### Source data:
§
lemma sigma_T_eq_cycle_edges:
  assumes "rooted_tree V T r" "c \<in> V"
  shows "sigma_T V T c = cycle_edges (root_path V T c)"
proof -
  have "dpath T r c (root_path V T c)" using assms by (rule root_path_dpath)
  then show ?thesis
    unfolding sigma_T_def cycle_edges_def path_edges_def tree_root_eq[OF assms(1)] Let_def
    by (simp add: dpath_def)
qed

lemma mem_S_T_iff:
  assumes "rooted_tree V T r" "c \<in> V"
  defines "P \<equiv> root_path V T c"
  shows "F \<in> S_T V T c \<longleftrightarrow> \<not> cycle_edges P \<subseteq> F \<and>
    (\<forall>(x, y)\<in>F - cycle_edges P. y \<in> V - set P \<and> (x = parent T y \<or> x = c)) \<and>
    (\<forall>x x' y. (x, y) \<in> F - cycle_edges P \<longrightarrow> (x', y) \<in> F - cycle_edges P \<longrightarrow> x = x')"
proof -
  have "P \<noteq> []" using root_path_dpath[OF assms(1,2)] by (simp add: P_def dpath_def)
  then have "snd ` cycle_edges P \<subseteq> set P" using cycle_edges_subset by fastforce
  then have "B \<inter> cycle_edges P = {}"
    if "B \<in> join_family (V - set P) (\<lambda>y. two_points (parent T y, y) (c, y))" for B
    using that unfolding mem_join_family_two_points_iff by fastforce
  then have "F \<in> join (simplex_boundary (cycle_edges P))
      (join_family (V - set P) (\<lambda>y. two_points (parent T y, y) (c, y))) \<longleftrightarrow>
    \<not> cycle_edges P \<subseteq> F \<and>
      F - cycle_edges P \<in> join_family (V - set P) (\<lambda>y. two_points (parent T y, y) (c, y))"
    by (rule mem_join_simplex_boundary_iff)
  then show ?thesis
    unfolding S_T_def sigma_T_eq_cycle_edges[OF assms(1,2)] P_def[symmetric]
      mem_join_family_two_points_iff .
qed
§
### GOAL OF THE EXERCISE:
Return, from the data above, each line in which the string "subseteq" appears.

### TASK OUTPUT:
  shows "F \<in> S_T V T c \<longleftrightarrow> \<not> cycle_edges P \<subseteq> F \<and>
  then have "snd ` cycle_edges P \<subseteq> set P" using cycle_edges_subset by fastforce
    \<not> cycle_edges P \<subseteq> F \<and>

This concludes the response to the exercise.